EXERCISE PROMPT =>
Gather from the material every line that contains the string "intro".
=== Section Start ===
(* If a minimal tree $T$ of order $n\ge6$ has a branch with $5$ vertices, then this branch is contained in a branch of $T$ whose order is $10$, $11$, $15$ or $16$.
   Context: A rooted tree $T$ is a finite tree with a distinguished vertex, its root; its order $|T|$ is its number of vertices. For vertices $u,v$, the infimum of $u$ and $v$ is the vertex common to the path from $u$ to the root and the path from $v$ to the root that is furthest from the root. A set $X\subseteq V(T)$ is infima closed if the infimum of any two elements of $X$ lies in $X$. $I(T)$ denotes the number of nonempty infima closed subsets of $V(T)$. For $n\ge1$, $m_n=\min\{I(T): |T|=n\}$; a rooted tree $T$ with $I(T)=m_{|T|}$ is called minimal. A branch of $T$ is the subtree consisting of a vertex and all its descendants, rooted at that vertex. *)

theory Defs
  imports Main "HOL-Library.Sublist"
begin

text \<open>Rooted trees: a node with a (finite) list of children. The order of the
children is irrelevant for all notions used below.\<close>
datatype rtree = Node "rtree list"

fun tsize :: "rtree \<Rightarrow> nat" where
  "tsize (Node ts) = Suc (sum_list (map tsize ts))"

text \<open>Vertices are addressed by positions (paths from the root); the root is [].
 u is an ancestor-or-equal of v iff u is a prefix of v.\<close>
fun is_pos :: "rtree \<Rightarrow> nat list \<Rightarrow> bool" where
  "is_pos t [] = True"
| "is_pos (Node ts) (i # p) = (i < length ts \<and> is_pos (ts ! i) p)"

definition positions :: "rtree \<Rightarrow> nat list set" where
  "positions T = {p. is_pos T p}"

fun branch_at :: "rtree \<Rightarrow> nat list \<Rightarrow> rtree" where
  "branch_at t [] = t"
| "branch_at (Node ts) (i # p) = branch_at (ts ! i) p"

definition vinf :: "nat list \<Rightarrow> nat list \<Rightarrow> nat list" where
  "vinf u v = longest_common_prefix u v"

definition infima_closed :: "nat list set \<Rightarrow> bool" where
  "infima_closed X \<longleftrightarrow> (\<forall>u\<in>X. \<forall>v\<in>X. vinf u v \<in> X)"

definition I :: "rtree \<Rightarrow> nat" where
  "I T = card {X. X \<subseteq> positions T \<and> X \<noteq> {} \<and> infima_closed X}"

definition m :: "nat \<Rightarrow> nat" where
  "m n = Min {I T | T. tsize T = n}"

definition minimal :: "rtree \<Rightarrow> bool" where
  "minimal T \<longleftrightarrow> I T = m (tsize T)"

end

(* Counting by whether the root belongs to the set gives the recursion
   I (Node ts) = (SUM t in ts. I t) + (PROD t in ts. 1 + I t): an infima closed set avoiding the
   root lies in a single branch, one containing it is an arbitrary choice of (possibly empty)
   infima closed sets of the branches.  Hence branches of minimal trees are minimal, and
   exchanging sub-forests among the children of a minimal tree never decreases I.  Such exchanges
   show that a minimal tree has at most four leaf children, and exactly two children as soon as two
   of them are not leaves.  Let P be the parent of a branch B of order 5 in a minimal tree; then
   I B = m_5 = 20.  If B were the only non-leaf child of P, the order of P would be at most 10 and
   an explicit tree of the same order would beat P.  Otherwise P = Node [B, C], and swapping B
   with a child of C shows that every child of C has I at most 20, hence order at most 5, so
   |C| <= 11.  With the lower bounds m_1, ..., m_11 (checked by enumerating partitions) all orders
   of C except 4, 5, 9, 10 are again beaten by explicit trees. *)

theory Submission
  imports Defs "HOL-Library.FuncSet" "HOL-Library.Multiset"
begin

section \<open>Counting infima closed sets\<close>

abbreviation leaf :: rtree where "leaf \<equiv> Node []"

definition inf_closed_sets :: "rtree \<Rightarrow> nat list set set" where
  "inf_closed_sets t = {X. X \<subseteq> positions t \<and> X \<noteq> {} \<and> infima_closed X}"

lemma I_eq_card_inf_closed_sets: "I t = card (inf_closed_sets t)"
  by (simp add: I_def inf_closed_sets_def)

lemma vinf_simps [simp]:
  "vinf [] v = []" "vinf u [] = []"
  "vinf (i # u) (j # v) = (if i = j then i # vinf u v else [])"
  unfolding vinf_def by (simp, cases u, simp_all)

lemma positions_Node:
  "positions (Node ts) = insert [] (\<Union>i<length ts. Cons i ` positions (ts ! i))"
proof -
  have "is_pos (Node ts) p \<longleftrightarrow> p = [] \<or> (\<exists>i<length ts. p \<in> Cons i ` {q. is_pos (ts ! i) q})" for p
    by (cases p) auto
  then show ?thesis by (auto simp: positions_def)
qed

lemma finite_positions: "finite (positions t)"
  by (induction t) (auto simp: positions_Node)

lemma is_pos_snoc:
  "is_pos T (w @ [i]) \<Longrightarrow>
    \<exists>ts. is_pos T w \<and> branch_at T w = Node ts \<and> i < length ts \<and> branch_at T (w @ [i]) = ts ! i"
proof (induction w arbitrary: T)
  case Nil
  then show ?case by (cases T) auto
next
  case (Cons j w)
  then show ?case by (cases T) auto
qed

lemma finite_inf_closed_sets: "finite (inf_closed_sets t)"
  using finite_positions by (auto simp: inf_closed_sets_def intro: finite_subset[of _ "Pow (positions t)"])

lemma infima_closed_image_Cons: "infima_closed (Cons i ` Y) \<longleftrightarrow> infima_closed Y"
  by (auto simp: infima_closed_def)

lemma infima_closed_slice: "infima_closed X \<Longrightarrow> infima_closed {p. i # p \<in> X}"
  unfolding infima_closed_def by (metis mem_Collect_eq vinf_simps(3))

lemma inf_closed_sets_Node_root_notin:
  "{X \<in> inf_closed_sets (Node ts). [] \<notin> X} = (\<Union>i<length ts. image (Cons i) ` inf_closed_sets (ts ! i))"
proof (intro set_eqI iffI)
  fix X assume "X \<in> {X \<in> inf_closed_sets (Node ts). [] \<notin> X}"
  then have sub: "X \<subseteq> positions (Node ts)" and "X \<noteq> {}" and cl: "infima_closed X"
    and root: "[] \<notin> X" by (auto simp: inf_closed_sets_def)
  then obtain i p where ip: "i # p \<in> X" by (metis ex_in_conv neq_Nil_conv)
  \<comment> \<open>two elements starting with different indices would have the root as infimum\<close>
  have "\<exists>q. y = i # q" if "y \<in> X" for y
    using cl ip that root unfolding infima_closed_def
    by (metis neq_Nil_conv vinf_simps(3))
  then have X: "X = Cons i ` {q. i # q \<in> X}" by auto
  have "i < length ts" using sub ip by (auto simp: positions_def)
  moreover have "{q. i # q \<in> X} \<in> inf_closed_sets (ts ! i)"
    using sub ip infima_closed_slice[OF cl] by (auto simp: inf_closed_sets_def positions_def)
  ultimately show "X \<in> (\<Union>i<length ts. image (Cons i) ` inf_closed_sets (ts ! i))"
    using X by blast
next
  fix X assume "X \<in> (\<Union>i<length ts. image (Cons i) ` inf_closed_sets (ts ! i))"
  then show "X \<in> {X \<in> inf_closed_sets (Node ts). [] \<notin> X}"
    by (auto simp: inf_closed_sets_def positions_def infima_closed_image_Cons)
qed

lemma card_inf_closed_sets_Node_root_notin:
  "card {X \<in> inf_closed_sets (Node ts). [] \<notin> X} = (\<Sum>i<length ts. I (ts ! i))"
proof -
  have inj: "inj_on (image (Cons i)) A" for i :: nat and A :: "nat list set set"
    by (simp add: inj_on_def inj_image_eq_iff)
  have "image (Cons i) ` inf_closed_sets (ts ! i) \<inter> image (Cons j) ` inf_closed_sets (ts ! j) = {}"
    if "i \<noteq> j" for i j
  proof -
    have "Cons i ` A \<noteq> Cons j ` B" if "a \<in> A" for a A B
    proof
      assume "Cons i ` A = Cons j ` B"
      then have "i # a \<in> Cons j ` B" using that by blast
      then show False using \<open>i \<noteq> j\<close> by blast
    qed
    then show ?thesis by (fastforce simp: inf_closed_sets_def)
  qed
  then show ?thesis
    by (simp add: inf_closed_sets_Node_root_notin card_UN_disjoint finite_inf_closed_sets
        card_image[OF inj] I_eq_card_inf_closed_sets)
qed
=== Section End ===
OUTPUT =>
  using finite_positions by (auto simp: inf_closed_sets_def intro: finite_subset[of _ "Pow (positions t)"])
proof (intro set_eqI iffI)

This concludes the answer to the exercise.